Molecular dynamics solver with the Lennard-Jones potential written in object-oriented Python for teaching purposes. The solver supports various integrators, boundary condition and initialization methods. However, it is simple as it only supports the Lennard-Jones potential and the microcanonical ensemble (NVE). Also, it only supports symmetric systems, i.e., all sides have the same length and take the same boundary conditions. Albeit efforts are put in making the code fast (mostly by replacing loops by vectorized operations), the performance cannot compete with packages written in low-level languages.

First download the contents:

$ git clone https://github.com/evenmn/mdlj-python

and then install the mdsolver:

$ cd mdlj-python $ pip install .

Example: Two oscillating particles in one dimension

A simple example where two particles interact with periodic motion can be implemented like this:

from mdsolver import MDSolver from mdsolver.initposition import SetPosition solver = MDSolver(position=SetPosition([[0.0], [1.5]]), dt=0.01) solver.thermo(1, "log.mdsolver", "step", "time", "poteng", "kineng") solver.run(steps=1000)

Example: 864 particles in three dimensions with PBC

A more complex example where 6x6x6x4=864 particles in three dimensions interact and where the boundaries are periodic is shown below. The particles are initialized in a face-centered cube, and the initial temperature is 300K (2.5 in Lennard-Jones units). We first perform an equilibration run, and then a production run.

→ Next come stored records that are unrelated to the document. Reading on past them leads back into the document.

(* Let $d, N$ be positive integers and $r \ge 2$ an integer, let $\|\cdot\|$ be any norm on $\mathbb{R}^d$ with unit ball $B = \{v \in \mathbb{R}^d : \|v\| \le 1\}$, and let $V_1, \dots, V_N$ be finite subsets of $B$ with $|V_i| \ge r$ for all $i \in [N]$. Then for every $k \in [r]$ there are subsets $U_i \subseteq V_i$, $i \in [N]$, with $|U_i| = k$ for all $i$, such that \[ \max_{n \in [N]} \Big\| \sum_{i \in [n]} \Big( \sum_{v \in U_i} v - \frac{k}{|V_i|} \sum_{v \in V_i} v \Big) \Big\| \le 2d. \]
   Context: $[n] = \{1, \dots, n\}$. *)

theory Defs
  imports "HOL-Analysis.Analysis"
begin

definition is_norm :: "('a::real_vector \<Rightarrow> real) \<Rightarrow> bool" where
  "is_norm nrm \<longleftrightarrow>
     (\<forall>x. 0 \<le> nrm x) \<and>
     (\<forall>x. nrm x = 0 \<longleftrightarrow> x = 0) \<and>
     (\<forall>c x. nrm (c *\<^sub>R x) = \<bar>c\<bar> * nrm x) \<and>
     (\<forall>x y. nrm (x + y) \<le> nrm x + nrm y)"

end

(*
  Give the pair (i, v), v in V_i, the fractional weight c(i, v) = k / |V_i| and round these
  weights to 0 or 1 set by set. At stage n only weights of the first n sets change, and every
  block sum as well as the vector sum over the first n sets stays fixed: while more than 2d of
  these weights are fractional, the d conditions on the vector sum and one condition for each
  block containing a fractional weight (such a block contains at least two, its sum being an
  integer) leave a nonzero admissible direction supported on the fractional weights, and moving
  along it until some weight reaches 0 or 1 makes one more weight integral. Integral weights are
  never changed again, so the final 0/1 weights differ from those of stage n in at most 2d
  weights of the first n sets, each multiplying a vector of norm at most 1. Since the stage-n
  weights have the same vector sum over the first n sets as c, the n-th prefix sum has norm at
  most 2d.
*)

theory Submission
  imports Defs
begin

lemma is_norm_zero: "is_norm nrm \<Longrightarrow> nrm 0 = 0"
  unfolding is_norm_def by blast

lemma is_norm_scaleR: "is_norm nrm \<Longrightarrow> nrm (c *\<^sub>R x) = \<bar>c\<bar> * nrm x"
  unfolding is_norm_def by blast

lemma is_norm_sum_le:
  assumes "is_norm nrm"
  shows "nrm (\<Sum>s\<in>A. f s) \<le> (\<Sum>s\<in>A. nrm (f s))"
proof (induction A rule: infinite_finite_induct)
  case (insert s A)
  have "nrm (f s + sum f A) \<le> nrm (f s) + nrm (sum f A)"
    using assms unfolding is_norm_def by blast
  with insert show ?case by simp
qed (simp_all add: is_norm_zero[OF assms])

section \<open>Linear dependences with zero block sums\<close>

lemma sum_of_bool_eq_scaleR:
  fixes \<phi> :: "'i \<Rightarrow> 'a::real_vector"
  assumes "finite A"
  shows "(\<Sum>s\<in>A. of_bool (s = r) *\<^sub>R \<phi> s) = (if r \<in> A then \<phi> r else 0)"
proof -
  have "(\<Sum>s\<in>A. of_bool (s = r) *\<^sub>R \<phi> s) = (\<Sum>s\<in>A. if s = r then \<phi> r else 0)"
    by (intro sum.cong) auto
  with assms show ?thesis
    by (simp add: sum.delta')
qed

from mdsolver import MDSolver from mdsolver.initposition import FCC from mdsolver.initvelocity import Temperature from mdsolver.boundary import Periodic solver = MDSolver(position=FCC(cells=6, lenbulk=10.2), velocity=Temperature(T=2.5), boundary=Periodic(lenbox=10.2), dt=0.01) # equilibration run solver.thermo(10, "equilibration.log", "step", "time") solver.run(steps=1000) solver.snapshot("after_equi.xyz") # production run solver.dump(1, "864N_3D.xyz", "x", "y", "z") solver.thermo(1, "production.log", "step", "time", "temp", "poteng", "kineng") solver.run(steps=1000, out="log") solver.snapshot("final.xyz")

The thermo style outputs (temperature, energy etc. ) are stored in a log file, rather than in arrays. This has two purposes: Storing thermo style outputs in arrays might be memory intensive, and the file can be kept for later simulations. Reading these log files (here production.log ) can easily be done using the Log-class:

from mdsolver.analyze import Log logobj = Log("production.log") time = logobj.find("time") temp = logobj.find("temp")

The find -method outputs a numpy array.

For more examples, see the examples folder.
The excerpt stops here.